Robert Eugene Turner III (born April 8, 1993) is an American professional basketball player for Maccabi Ashdod of the Israeli Basketball Premier League. He played college basketball for New Mexico Junior College and Texas Tech University before going on to play professionally in Asia and Europe. In 2017, he won the Mongolian Superleague with Arhangai Altan, while also being named MVP, and in 2022 he won the Icelandic Cup with Stjarnan.

==College career==
Turner played for Texas Tech from 2013 to 2015, starting 61 of his 64 games and averaging 8.8 points, 2.8 rebounds, and 2.2 assists per game.

==Professional career==
Turner joined Stjarnan of the Icelandic top-tier Úrvalsdeild karla in 2021, and led the team in scoring an assists with 23.3 points and 5.2 assists per game. He helped the team win the Icelandic Cup in January 2022. He resigned with the team for the following season. In December 2022, Stjarnan announced that Turners contract had been bought up by a French Pro B club. Despite appearing in only 11 games, he led the Úrvalsdeild in scoring with 29.0 points per game. On 2 January 2023, he signed with Stade Rochelais Basket.
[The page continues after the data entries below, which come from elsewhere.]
definition in_rounding_interval :: "real \<Rightarrow> real \<Rightarrow> bool" where
  "in_rounding_interval P x \<longleftrightarrow> of_int \<lfloor>P\<rfloor> \<le> x \<and> x \<le> of_int \<lceil>P\<rceil>"

lemma in_rounding_interval_self: "in_rounding_interval P P"
  unfolding in_rounding_interval_def by linarith

text \<open>An integer plus a proper fraction can only lie between floor and ceiling of P if P is
  not an integer; then the fraction may be replaced by any number in [0, 1].\<close>
lemma in_rounding_interval_replace_frac:
  assumes "z \<in> \<int>" "0 < y" "y < 1" "in_rounding_interval P (z + y)" "0 \<le> t" "t \<le> 1"
  shows "in_rounding_interval P (z + t)"
proof -
  obtain m where m: "z = of_int m" using assms(1) Ints_cases by blast
  have "\<lfloor>P\<rfloor> \<le> m" "m + 1 \<le> \<lceil>P\<rceil>"
    using assms(2-4) unfolding in_rounding_interval_def m by linarith+
  then show ?thesis using assms(5,6) unfolding in_rounding_interval_def m by linarith
qed

lemma in_rounding_interval_nat:
  assumes "in_rounding_interval P (real c)"
  shows "(int c = \<lfloor>P\<rfloor> \<or> int c = \<lceil>P\<rceil>) \<and> \<bar>real c - P\<bar> < 1"
proof -
  have "\<lfloor>P\<rfloor> \<le> int c" "int c \<le> \<lceil>P\<rceil>"
    using assms unfolding in_rounding_interval_def by linarith+
  moreover have "\<lceil>P\<rceil> \<le> \<lfloor>P\<rfloor> + 1" by linarith
  ultimately have "int c = \<lfloor>P\<rfloor> \<or> int c = \<lceil>P\<rceil>" by linarith
  moreover have "\<bar>real_of_int \<lfloor>P\<rfloor> - P\<bar> < 1" "\<bar>real_of_int \<lceil>P\<rceil> - P\<bar> < 1" by linarith+
  ultimately show ?thesis by (metis of_int_of_nat_eq)
qed
lemma x_param_norm_le: "vnorm2 n (x_param n m H AK B V t \<omega>) \<le> response_gain * block_norm_sum H m n V"
proof -
  let ?F = "\<lambda>k. vnorm2 n (mvmul n (Phix_param n m H AK B (\<lambda>_. V) t k) (noise \<omega> (t - int k)))"
  have "vnorm2 n (x_param n m H AK B V t \<omega>) \<le> (\<Sum>k\<in>{1..2*H}. ?F k)"
    unfolding x_param_def by (rule vnorm2_sum_le) simp
  also have "\<dots> \<le> (\<Sum>k\<in>{1..2*H}. \<Sum>i\<in>{1..H}.
      if i < k \<and> k - i \<le> H then response_gain * \<gamma> * (1 - \<gamma>)^(i - 1) * frob_norm m n (V (k - i)) else 0)"
    by (intro sum_mono Phix_param_noise_norm_le)
  also have "\<dots> = (\<Sum>i\<in>{1..H}. response_gain * \<gamma> * (1 - \<gamma>)^(i - 1)
      * (\<Sum>k\<in>{1..2*H}. if i < k \<and> k - i \<le> H then frob_norm m n (V (k - i)) else 0))"
    by (subst sum.swap) (simp add: sum_distrib_left if_distrib[of "\<lambda>x. _ * x"] cong: if_cong)
  also have "\<dots> \<le> (\<Sum>i\<in>{1..H}. response_gain * \<gamma> * (1 - \<gamma>)^(i - 1) * block_norm_sum H m n V)"
    unfolding block_norm_sum_def using response_gain_nonneg \<gamma>_pos \<gamma>_less_1
    by (intro sum_mono mult_left_mono sum_shifted_le) auto
  also have "\<dots> = response_gain * \<gamma> * block_norm_sum H m n V * (\<Sum>i\<in>{1..H}. (1 - \<gamma>)^(i - 1))"
    by (simp add: sum_distrib_left ac_simps)
  also have "\<dots> \<le> response_gain * \<gamma> * block_norm_sum H m n V * (1 / \<gamma>)"
    using geometric_sum_le[of "1 - \<gamma>" H] response_gain_nonneg \<gamma>_pos \<gamma>_less_1 by (intro mult_left_mono) auto
  finally show ?thesis using \<gamma>_pos by simp
qed

lemma u_feedforward_norm_le: "vnorm2 m (u_feedforward n H V t \<omega>) \<le> response_gain * block_norm_sum H m n V"
proof -
  have "vnorm2 m (u_feedforward n H V t \<omega>)
      \<le> (\<Sum>k\<in>{1..2*H}. if k \<le> H then vnorm2 m (mvmul n (V k) (noise \<omega> (t - int k))) else 0)"
    unfolding u_feedforward_def by (rule vnorm2_sum_if_le) simp
  also have "\<dots> \<le> (\<Sum>k\<in>{1..2*H}. if k \<le> H then frob_norm m n (V k) * response_gain else 0)"
  proof (intro sum_mono)
    fix k
    have "vnorm2 m (mvmul n (V k) (noise \<omega> (t - int k))) \<le> frob_norm m n (V k) * vnorm2 n (noise \<omega> (t - int k))"
      by (rule mvmul_norm_le_frob_norm)
    also have "\<dots> \<le> frob_norm m n (V k) * response_gain"
      using noise_norm_le noise_bound_le_response_gain by (intro mult_left_mono) (auto intro: order_trans)
    finally show "(if k \<le> H then vnorm2 m (mvmul n (V k) (noise \<omega> (t - int k))) else 0)
        \<le> (if k \<le> H then frob_norm m n (V k) * response_gain else 0)" by simp
  qed
  also have "\<dots> = response_gain * block_norm_sum H m n V"
    unfolding sum_if_le_eq_sum block_norm_sum_def by (simp add: sum_distrib_left ac_simps)
  finally show ?thesis .
qed

lemma xtil_norm_le: "vnorm2 n (xtil n m H AK B M t \<omega>) \<le> response_gain * (1 + block_norm_sum H m n M)"
  using vnorm2_triangle[of n "x_free n H AK t \<omega>" "x_param n m H AK B M t \<omega>"]
    x_free_norm_le[of t] x_param_norm_le[of M t]
  unfolding xtil_eq distrib_left by linarith

lemma util_norm_le: "vnorm2 m (util n m H AK B K M t \<omega>) \<le> state_bound (block_norm_sum H m n M)"
proof -
  let ?S = "block_norm_sum H m n M"
  have "0 \<le> response_gain * ?S" using response_gain_nonneg by simp
  then have "vnorm2 m (u_feedforward n H M t \<omega>) \<le> response_gain * (1 + ?S)"
    using u_feedforward_norm_le[of M t] response_gain_nonneg by (simp add: distrib_left)
  moreover have "vnorm2 m (mvmul n K (xtil n m H AK B M t \<omega>)) \<le> \<kappa> * (response_gain * (1 + ?S))"
    using op_boundD[OF K_bound] xtil_norm_le \<kappa>_ge_1 by (meson mult_left_mono order_trans zero_le_one)
  ultimately have "vnorm2 m (util n m H AK B K M t \<omega>) \<le> (1 + \<kappa>) * (response_gain * (1 + ?S))"
    using vnorm2_diff_le[of m "u_feedforward n H M t \<omega>" "mvmul n K (xtil n m H AK B M t \<omega>)"]
    unfolding util_eq distrib_right by linarith
  also have "\<dots> \<le> state_bound ?S"
    unfolding state_bound_def using \<kappa>_ge_1 response_gain_nonneg
    by (simp add: mult_right_mono mult.assoc[symmetric] del: mult.assoc)
  finally show ?thesis .
qed

lemma xtil_norm_le_state_bound: "vnorm2 n (xtil n m H AK B M t \<omega>) \<le> state_bound (block_norm_sum H m n M)"
proof -
  have "0 \<le> response_gain * (1 + block_norm_sum H m n M)"
    using response_gain_nonneg block_norm_sum_nonneg[of H m n M] by simp
  then have "response_gain * (1 + block_norm_sum H m n M) \<le> 2 * \<kappa> * (response_gain * (1 + block_norm_sum H m n M))"
    using \<kappa>_ge_1 by (simp add: mult_le_cancel_right1)
  then show ?thesis using xtil_norm_le[of M t] unfolding state_bound_def by (simp add: mult.assoc)
qed

lemma util_perturb_norm_le:
  "vnorm2 m (\<lambda>a. u_feedforward n H V t \<omega> a - mvmul n K (x_param n m H AK B V t \<omega>) a)
    \<le> 2 * \<kappa> * response_gain * block_norm_sum H m n V"
proof -
  let ?S = "block_norm_sum H m n V"
  have "vnorm2 m (mvmul n K (x_param n m H AK B V t \<omega>)) \<le> \<kappa> * (response_gain * ?S)"
    using op_boundD[OF K_bound] x_param_norm_le \<kappa>_ge_1 by (meson mult_left_mono order_trans zero_le_one)
  then have "vnorm2 m (\<lambda>a. u_feedforward n H V t \<omega> a - mvmul n K (x_param n m H AK B V t \<omega>) a)
      \<le> (1 + \<kappa>) * (response_gain * ?S)"
    using vnorm2_diff_le[of m "u_feedforward n H V t \<omega>" "mvmul n K (x_param n m H AK B V t \<omega>)"]
      u_feedforward_norm_le[of V t]
    unfolding distrib_right by linarith
  also have "\<dots> \<le> 2 * \<kappa> * response_gain * ?S"
    using \<kappa>_ge_1 response_gain_nonneg by (simp add: mult_right_mono mult.assoc[symmetric] del: mult.assoc)
  finally show ?thesis .
qed

lemma cost_perturb_le:
  "\<bar>c t (xtil n m H AK B (\<lambda>i a b. M i a b + s * V i a b) t' \<omega>) (util n m H AK B K (\<lambda>i a b. M i a b + s * V i a b) t' \<omega>)
     - c t (xtil n m H AK B M t' \<omega>) (util n m H AK B K M t' \<omega>)\<bar>
   \<le> G * state_bound (block_norm_sum H m n M + \<bar>s\<bar> * block_norm_sum H m n V)
       * (3 * \<kappa> * response_gain * \<bar>s\<bar> * block_norm_sum H m n V)"
proof -
  let ?M' = "\<lambda>i a b. M i a b + s * V i a b"
  let ?S = "block_norm_sum H m n" and ?b = "state_bound (block_norm_sum H m n M + \<bar>s\<bar> * block_norm_sum H m n V)"
  have "state_bound (?S ?M') \<le> ?b" "state_bound (?S M) \<le> ?b"
    using block_norm_sum_perturb_le[of H m n M s V] by (auto intro: state_bound_mono)
  then have bounds: "vnorm2 n (xtil n m H AK B ?M' t' \<omega>) \<le> ?b" "vnorm2 m (util n m H AK B K ?M' t' \<omega>) \<le> ?b"
      "vnorm2 n (xtil n m H AK B M t' \<omega>) \<le> ?b" "vnorm2 m (util n m H AK B K M t' \<omega>) \<le> ?b"
    using xtil_norm_le_state_bound util_norm_le by (meson order_trans)+
  have "vnorm2 n (\<lambda>r. xtil n m H AK B ?M' t' \<omega> r - xtil n m H AK B M t' \<omega> r) \<le> \<bar>s\<bar> * (response_gain * ?S V)"
    unfolding xtil_perturb by (simp add: vnorm2_scale x_param_norm_le mult_left_mono)
  moreover have "vnorm2 m (\<lambda>a. util n m H AK B K ?M' t' \<omega> a - util n m H AK B K M t' \<omega> a) \<le> \<bar>s\<bar> * (2 * \<kappa> * response_gain * ?S V)"
    unfolding util_perturb by (simp add: vnorm2_scale util_perturb_norm_le mult_left_mono)
  moreover have "\<bar>s\<bar> * (response_gain * ?S V) + \<bar>s\<bar> * (2 * \<kappa> * response_gain * ?S V) \<le> 3 * \<kappa> * response_gain * \<bar>s\<bar> * ?S V"
    using \<kappa>_ge_1 response_gain_nonneg mult_right_mono[OF \<kappa>_ge_1, of "\<bar>s\<bar> * response_gain * ?S V"] by (simp add: algebra_simps)
  ultimately show ?thesis
    using cost_model_lipschitz[OF cost bounds, of t] G_pos state_bound_nonneg[of "?S M + \<bar>s\<bar> * ?S V"]
    by (smt (verit) mult_left_mono mult_nonneg_nonneg block_norm_sum_nonneg abs_ge_zero)
qed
On October 3, 2023, Turner signed with ESSM Le Portel of the LNB Élite. On December 29, he left the team.

On January 4, 2024, Turner signed with Fos Provence Basket of the Pro B. On June 21, he re-signed with Fos Provence Basket.

On March 14, 2025, he signed with Zastal Zielona Góra in the Polish Basketball League (PLK).

On July 6, 2025 he signed with macabi ashdod in the Israeli second league, he led the league in scoring averaging 24 points per game , and led ashdod into an heroic promotion to the Israeli first league and in June 26, 2026 he re- signed with the club.

==Personal life==
Turner was born to LaTanya and Robert Turner Jr., the middle of five children.